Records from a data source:
== Segment start ==

lemma semimodular_covers_sup:
  assumes "semimodular TYPE('a::lattice)" "s \<noteq> t"
    and "covers_on UNIV (\<le>) m s" "covers_on UNIV (\<le>) m t"
  shows "covers_on UNIV (\<le>) s (sup s (t::'a))"
proof -
  have "inf s t = m"
    using assms(2-4) unfolding covers_on_UNIV_iff
    by (metis inf.absorb_iff1 inf.cobounded1 le_inf_iff less_le)
  then have "is_inf_on UNIV (\<le>) s t m"
    unfolding is_inf_on_def by auto
  moreover have "is_sup_on UNIV (\<le>) s t (sup s t)"
    unfolding is_sup_on_def by auto
  ultimately show ?thesis
    using assms(1,3,4) unfolding semimodular_def semimodular_on_def by blast
qed

definition vs2_up :: "('a::bounded_lattice \<Rightarrow> 'b::bounded_lattice) \<Rightarrow> 'b \<Rightarrow> 'a + 'b" where
  "vs2_up f u = (if u \<in> atoms then Inl (the_inv_into coatoms f u) else Inr u)"

locale vertical_2_sum =
  fixes f :: "'a::{finite,bounded_lattice} \<Rightarrow> 'b::{finite,bounded_lattice}"
  assumes semimodular_L: "semimodular TYPE('a)"
    and card_coatoms: "card (coatoms :: 'a set) = 2"
    and semimodular_U: "semimodular TYPE('b)"
    and bij_coatoms_atoms: "bij_betw f coatoms atoms"
begin

abbreviation "C \<equiv> vs2_carrier f"
abbreviation "le \<equiv> vs2_le f"
abbreviation "up \<equiv> vs2_up f"

lemma f_coatom: "c \<in> coatoms \<Longrightarrow> f c \<in> atoms"
  using bij_coatoms_atoms by (auto simp: bij_betw_def)

lemma f_coatom_eq_iff: "c \<in> coatoms \<Longrightarrow> d \<in> coatoms \<Longrightarrow> f c = f d \<longleftrightarrow> c = d"
  using bij_coatoms_atoms by (auto simp: bij_betw_def inj_on_def)

lemma atom_obtain_coatom:
  assumes "a \<in> atoms" obtains c where "c \<in> coatoms" "a = f c"
  using assms bij_coatoms_atoms by (auto simp: bij_betw_def)

lemma f_coatom_le_iff: "c \<in> coatoms \<Longrightarrow> d \<in> coatoms \<Longrightarrow> f c \<le> f d \<longleftrightarrow> c = d"
  using f_coatom f_coatom_eq_iff atom_le_imp_eq by blast

lemma coatom_eq_one_of:
  assumes "c \<in> coatoms" "d \<in> coatoms" "c \<noteq> d" "e \<in> (coatoms :: 'a set)"
  shows "e = c \<or> e = d"
proof -
  obtain a b where ab: "(coatoms :: 'a set) = {a, b}"
    using card_coatoms unfolding card_2_iff by blast
  show ?thesis
    using assms unfolding ab by blast
qed

lemma coatom_ne_top: "c \<in> coatoms \<Longrightarrow> c \<noteq> top"
  unfolding coatoms_iff by blast

lemma L_bot_ne_top: "(bot::'a) \<noteq> top"
proof
  assume "(bot::'a) = top"
  moreover obtain c where "c \<in> (coatoms::'a set)"
    using card_coatoms card_2_iff by fastforce
  ultimately show False
    using coatom_ne_top by (metis bot_unique top_greatest)
qed

lemma Inl_in_C [simp]: "Inl x \<in> C \<longleftrightarrow> x \<noteq> top"
  unfolding vs2_carrier_def by auto

lemma Inr_in_C [simp]: "Inr u \<in> C \<longleftrightarrow> u \<noteq> bot \<and> u \<notin> atoms"
  unfolding vs2_carrier_def by auto

lemma Inl_le_Inl [simp]: "le (Inl x) (Inl y) \<longleftrightarrow> x \<le> y"
  unfolding vs2_le_def vs_L_def vs_U_def
  using f_coatom_le_iff coatom_le_imp_eq by auto

lemma Inl_le_Inr [simp]: "le (Inl x) (Inr v) \<longleftrightarrow> (\<exists>c\<in>coatoms. x \<le> c \<and> f c \<le> v)"
  unfolding vs2_le_def vs_L_def vs_U_def by auto

lemma Inr_le_Inr [simp]: "le (Inr u) (Inr v) \<longleftrightarrow> u \<le> v"
  unfolding vs2_le_def vs_L_def vs_U_def by auto

lemma Inr_le_Inl [simp]: "Inr u \<in> C \<Longrightarrow> \<not> le (Inr u) (Inl y)"
  unfolding vs2_le_def vs_L_def vs_U_def using f_coatom atoms_iff by auto

lemma partial_order_vs2: "partial_order_on' C le"
  unfolding partial_order_on'_def
proof (intro conjI ballI impI)
  fix p assume "p \<in> C"
  then show "le p p" by (cases p) auto
next
  fix p q assume "p \<in> C" "q \<in> C" "le p q \<and> le q p"
  then show "p = q" by (cases p; cases q) auto
next
  fix p q r assume "p \<in> C" "q \<in> C" "r \<in> C" "le p q \<and> le q r"
  then show "le p r" by (cases p; cases q; cases r) (auto intro: order_trans)
qed

lemma vs2_up_f [simp]: "c \<in> coatoms \<Longrightarrow> up (f c) = Inl c"
  using bij_coatoms_atoms f_coatom
  by (simp add: vs2_up_def bij_betw_def the_inv_into_f_f)

lemma vs2_up_non_atom [simp]: "u \<notin> atoms \<Longrightarrow> up u = Inr u"
  by (simp add: vs2_up_def)

lemma vs2_up_in_C: "u \<noteq> bot \<Longrightarrow> up u \<in> C"
  by (cases "u \<in> atoms") (auto elim: atom_obtain_coatom simp: coatom_ne_top)

lemma Inl_le_vs2_up_iff:
  assumes "w \<noteq> bot"
  shows "le (Inl x) (up w) \<longleftrightarrow> (\<exists>c\<in>coatoms. x \<le> c \<and> f c \<le> w)"
proof (cases "w \<in> atoms")
  case True
  then obtain d where "d \<in> coatoms" "w = f d"
    by (rule atom_obtain_coatom)
  then show ?thesis
    using f_coatom_le_iff by auto
qed simp

lemma vs2_up_le_vs2_up_iff:
  assumes "u \<noteq> bot" "v \<noteq> bot"
  shows "le (up u) (up v) \<longleftrightarrow> u \<le> v"
proof (cases "u \<in> atoms")
  case True
  then obtain c where "c \<in> coatoms" "u = f c"
    by (rule atom_obtain_coatom)
  then show ?thesis
    using Inl_le_vs2_up_iff[OF assms(2)] by (auto dest: coatom_le_imp_eq)
next
  case False
  then show ?thesis
    using assms f_coatom atoms_iff
    by (cases "v \<in> atoms") (auto elim!: atom_obtain_coatom)
qed

lemma inj_on_vs2_up: "inj_on up (UNIV - {bot})"
  by (rule inj_onI) (metis vs2_up_le_vs2_up_iff order.eq_iff Diff_iff singletonI)

lemma vs2_up_upset:
  assumes "u \<noteq> bot" "p \<in> C" "le (up u) p"
  shows "p \<in> up ` (UNIV - {bot})"
proof (cases p)
  case (Inl y)
  show ?thesis
  proof (cases "u \<in> atoms")
    case True
    then obtain c where c: "c \<in> coatoms" "u = f c"
      by (rule atom_obtain_coatom)
    with assms Inl have "y = c"
      by (auto simp: coatoms_iff)
    with c Inl show ?thesis
      using f_coatom atoms_iff by (auto intro!: image_eqI[of _ _ "f c"])
  next
    case False
    with assms Inl show ?thesis
      by simp
  qed
next
  case (Inr w)
  with assms show ?thesis
    by (auto intro!: image_eqI[of _ _ w])
qed

lemma vs2_carrier_cases:
  assumes "p \<in> C"
  obtains (lower) x where "p = Inl x" "x \<noteq> top" "x \<notin> coatoms"
    | (upper) u where "p = up u" "u \<noteq> bot"
proof (cases p)
  case (Inl x)
  show thesis
  proof (cases "x \<in> coatoms")
    case True
    then have "p = up (f x)" "f x \<noteq> bot"
      using Inl f_coatom atoms_iff by auto
    then show thesis
      by (rule upper)
  next
    case False
    with Inl assms show thesis
      using lower by simp
  qed
next
  case (Inr u)
  with assms show thesis
    using upper[of u] by simp
qed

lemma is_sup_vs2_up:
  assumes "u \<noteq> bot" "v \<noteq> bot"
  shows "is_sup_on C le (up u) (up v) (up (sup u v))"
proof (rule is_sup_on_upset_embedding[where B = "UNIV - {bot}" and le = "(\<le>)"])
  show "up ` (UNIV - {bot}) \<subseteq> C"
    using vs2_up_in_C by blast
  show "\<forall>a\<in>UNIV - {bot}. \<forall>b\<in>UNIV - {bot}. le (up a) (up b) \<longleftrightarrow> a \<le> b"
    using vs2_up_le_vs2_up_iff by blast
  show "\<forall>b\<in>UNIV - {bot}. \<forall>z\<in>C. le (up b) z \<longrightarrow> z \<in> up ` (UNIV - {bot})"
    using vs2_up_upset by blast
  show "is_sup_on (UNIV - {bot}) (\<le>) u v (sup u v)"
    using assms unfolding is_sup_on_def by (auto simp: bot_unique)
qed (use assms in auto)

lemma is_sup_Inl_Inl:
  assumes "sup x y \<noteq> top"
  shows "is_sup_on C le (Inl x) (Inl y) (Inl (sup x y))"
  unfolding is_sup_on_def
proof (intro conjI ballI impI)
  fix z assume "z \<in> C" and z: "le (Inl x) z \<and> le (Inl y) z"
  then show "le (Inl (sup x y)) z"
  proof (cases z rule: vs2_carrier_cases)
    case (upper w)
    with z obtain c d where cd: "c \<in> coatoms" "x \<le> c" "f c \<le> w" "d \<in> coatoms" "y \<le> d" "f d \<le> w"
      using Inl_le_vs2_up_iff by auto
    obtain e where e: "e \<in> coatoms" "sup x y \<le> e"
      using assms by (rule ex_coatom_above)
    have "\<exists>c'\<in>coatoms. sup x y \<le> c' \<and> f c' \<le> w"
    proof (cases "c = d")
      case False
      then have "e = c \<or> e = d"
        using cd e coatom_eq_one_of by blast
      with cd e show ?thesis
        by auto
    qed (use cd in auto)
    with upper show ?thesis
      using Inl_le_vs2_up_iff by simp
  qed (use z in simp)
qed (use assms in simp_all)

lemma is_sup_Inl_Inl_top:
  assumes "c \<in> coatoms" "d \<in> coatoms" "x \<le> c" "y \<le> d" "sup x y = top"
  shows "is_sup_on C le (Inl x) (Inl y) (up (sup (f c) (f d)))"
  unfolding is_sup_on_def
proof (intro conjI ballI impI)
  have ne_bot: "sup (f c) (f d) \<noteq> bot"
    using assms(1) f_coatom atoms_iff by auto
  then show "up (sup (f c) (f d)) \<in> C"
    by (rule vs2_up_in_C)
  show "le (Inl x) (up (sup (f c) (f d)))" "le (Inl y) (up (sup (f c) (f d)))"
    using assms ne_bot Inl_le_vs2_up_iff by auto
  fix z assume "z \<in> C" and z: "le (Inl x) z \<and> le (Inl y) z"
  then show "le (up (sup (f c) (f d))) z"
  proof (cases z rule: vs2_carrier_cases)
    case (lower w)
    with z assms(5) show ?thesis
      by (metis Inl_le_Inl le_sup_iff top_unique)
  next
    case (upper w)
    with z obtain c' d' where cd': "c' \<in> coatoms" "x \<le> c'" "f c' \<le> w" "d' \<in> coatoms" "y \<le> d'" "f d' \<le> w"
      using Inl_le_vs2_up_iff by auto
    have "c' \<noteq> d'"
      using cd' assms(5) coatom_ne_top by (metis le_sup_iff top_unique)
    then have "c = c' \<or> c = d'" "d = c' \<or> d = d'"
      using cd' assms(1,2) coatom_eq_one_of by blast+
    with cd' have "sup (f c) (f d) \<le> w"
      by auto
    with upper ne_bot show ?thesis
      using vs2_up_le_vs2_up_iff by simp
  qed
qed

lemma ex_sup_Inl_vs2_up:
  assumes "x \<noteq> top" "v \<noteq> bot"
  shows "\<exists>j. is_sup_on C le (Inl x) (up v) j"
proof (cases "\<exists>c\<in>coatoms. x \<le> c \<and> f c \<le> v")
  case True
  have "is_sup_on C le (Inl x) (up v) (up v)"
    unfolding is_sup_on_def
    using True assms Inl_le_vs2_up_iff vs2_up_in_C vs2_up_le_vs2_up_iff by auto
  then show ?thesis ..
next
  case False
  obtain c where c: "c \<in> coatoms" "x \<le> c"
    using assms(1) by (rule ex_coatom_above)
  \<comment> \<open>\<open>v\<close> lies above some \<open>f c3\<close>, and \<open>x \<le> c3\<close> fails; so the other coatom is \<open>c3\<close>.\<close>
  have only_c: "c' = c" if "c' \<in> coatoms" "x \<le> c'" for c'
  proof (rule ccontr)
    assume "c' \<noteq> c"
    obtain a where "a \<in> atoms" "a \<le> v"
      using assms(2) by (rule ex_atom_below)
    then obtain c3 where "c3 \<in> coatoms" "f c3 \<le> v"
      by (auto elim: atom_obtain_coatom)
    with \<open>c' \<noteq> c\<close> c that False show False
      using coatom_eq_one_of by blast
  qed
  have ne_bot: "sup (f c) v \<noteq> bot"
    using assms(2) by (simp add: bot_unique)
  have "is_sup_on C le (Inl x) (up v) (up (sup (f c) v))"
    unfolding is_sup_on_def
  proof (intro conjI ballI impI)
    fix z assume "z \<in> C" and z: "le (Inl x) z \<and> le (up v) z"
    then obtain w where w: "z = up w" "w \<noteq> bot"
      using assms(2) vs2_up_upset by blast
    with z obtain c' where "c' \<in> coatoms" "x \<le> c'" "f c' \<le> w" "v \<le> w"
      using assms(2) Inl_le_vs2_up_iff vs2_up_le_vs2_up_iff by auto
    with only_c have "sup (f c) v \<le> w"
      by auto
    with w ne_bot show "le (up (sup (f c) v)) z"
      using vs2_up_le_vs2_up_iff by simp
  qed (use assms c ne_bot vs2_up_in_C Inl_le_vs2_up_iff vs2_up_le_vs2_up_iff in auto)
  then show ?thesis ..
qed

== Segment end ==

Your instructions: Search the records above for the string "assumes". Report each line that has it.

Solution to the problem:
  assumes "semimodular TYPE('a::lattice)" "s \<noteq> t"
  assumes semimodular_L: "semimodular TYPE('a)"
  assumes "a \<in> atoms" obtains c where "c \<in> coatoms" "a = f c"
  assumes "c \<in> coatoms" "d \<in> coatoms" "c \<noteq> d" "e \<in> (coatoms :: 'a set)"
  assumes "w \<noteq> bot"
  assumes "u \<noteq> bot" "v \<noteq> bot"
  assumes "u \<noteq> bot" "p \<in> C" "le (up u) p"
  assumes "p \<in> C"
  assumes "u \<noteq> bot" "v \<noteq> bot"
  assumes "sup x y \<noteq> top"
  assumes "c \<in> coatoms" "d \<in> coatoms" "x \<le> c" "y \<le> d" "sup x y = top"
  assumes "x \<noteq> top" "v \<noteq> bot"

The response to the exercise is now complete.